** What you should do **
In the listing that follows, copy out each line that includes the word "intro".

** Records for the exercise **
_ _ _ _

theorem S_sup_attained:
  assumes B: "B \<in> sets (M1 \<Otimes>\<^sub>M M2)"
    and residual_S_sup: "\<And>\<nu>. \<nu> \<in> subcouplings_on M1 M2 l1 l2 B \<Longrightarrow>
      S_sup M1 M2 (measure_diff l1 (marg1 \<nu> M1)) (measure_diff l2 (marg2 \<nu> M2)) B
        = S_sup M1 M2 l1 l2 B - emeasure \<nu> B"
  shows "\<exists>\<mu>\<in>couplings M1 M2 l1 l2. emeasure \<mu> B = S_sup M1 M2 l1 l2 B"
proof -
  let ?S = "S_sup M1 M2 l1 l2 B" and ?P = "subcouplings_on M1 M2 l1 l2 B"
  note approx = subcouplings_on_approx_S_sup[OF B residual_S_sup]
  have "\<exists>\<nu>. \<forall>n. \<nu> n \<in> ?P \<and> \<nu> n \<le> \<nu> (Suc n) \<and> ?S \<le> emeasure (\<nu> (Suc n)) B + ennreal (1 / Suc n)"
  proof (rule dependent_nat_choice[where P = "\<lambda>_ \<nu>. \<nu> \<in> ?P"])
    show "\<exists>\<nu>. \<nu> \<in> ?P"
      using null_measure_in_subcouplings_on by blast
    fix \<nu> n assume "\<nu> \<in> ?P"
    then show "\<exists>\<nu>'. \<nu>' \<in> ?P \<and> \<nu> \<le> \<nu>' \<and> ?S \<le> emeasure \<nu>' B + ennreal (1 / Suc n)"
      using approx[of \<nu> "1 / Suc n"] by auto
  qed
  then obtain \<nu> where \<nu>: "\<And>n. \<nu> n \<in> ?P"
    and "\<And>n. \<nu> n \<le> \<nu> (Suc n)" and close: "\<And>n. ?S \<le> emeasure (\<nu> (Suc n)) B + ennreal (1 / Suc n)"
    by blast
  then have "incseq \<nu>"
    by (intro incseq_SucI)
  have sets_\<nu>: "sets (\<nu> n) = sets (M1 \<Otimes>\<^sub>M M2)" for n
    using \<nu> by (simp add: subcouplings_on_def)
  let ?\<nu>lim = "SUP n. \<nu> n"
  have "?S \<le> emeasure ?\<nu>lim B"
  proof (rule ennreal_le_epsilon)
    fix e :: real assume "0 < e"
    then obtain n where "1 / Suc n < e"
      by (rule nat_approx_posE)
    have "?S \<le> emeasure (\<nu> (Suc n)) B + ennreal (1 / Suc n)"
      by (rule close)
    also have "\<dots> \<le> emeasure ?\<nu>lim B + e"
      using \<open>1 / Suc n < e\<close> emeasure_SUP_incseq[OF \<open>incseq \<nu>\<close> sets_\<nu> B]
      by (intro add_mono) (auto intro: SUP_upper ennreal_leI)
    finally show "?S \<le> emeasure ?\<nu>lim B + e" .
  qed
  moreover obtain \<mu> where \<mu>: "\<mu> \<in> couplings M1 M2 l1 l2" and "?\<nu>lim \<le> \<mu>"
    using subcoupling_le_coupling[OF SUP_in_subcouplings_on[OF B \<open>incseq \<nu>\<close> \<nu>]] by blast
  then have "emeasure ?\<nu>lim B \<le> emeasure \<mu> B"
    using sets_\<nu> \<mu> by (intro le_measureD3) (auto simp: sets_SUP couplings_def)
  moreover have "emeasure \<mu> B \<le> ?S"
    using \<mu> unfolding S_sup_def by (rule SUP_upper)
  ultimately show ?thesis
    using \<mu> by (intro bexI[of _ \<mu>] antisym) auto
qed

_ _ _ _

** Result **
    by (intro incseq_SucI)
      by (intro add_mono) (auto intro: SUP_upper ennreal_leI)
    using sets_\<nu> \<mu> by (intro le_measureD3) (auto simp: sets_SUP couplings_def)
    using \<mu> by (intro bexI[of _ \<mu>] antisym) auto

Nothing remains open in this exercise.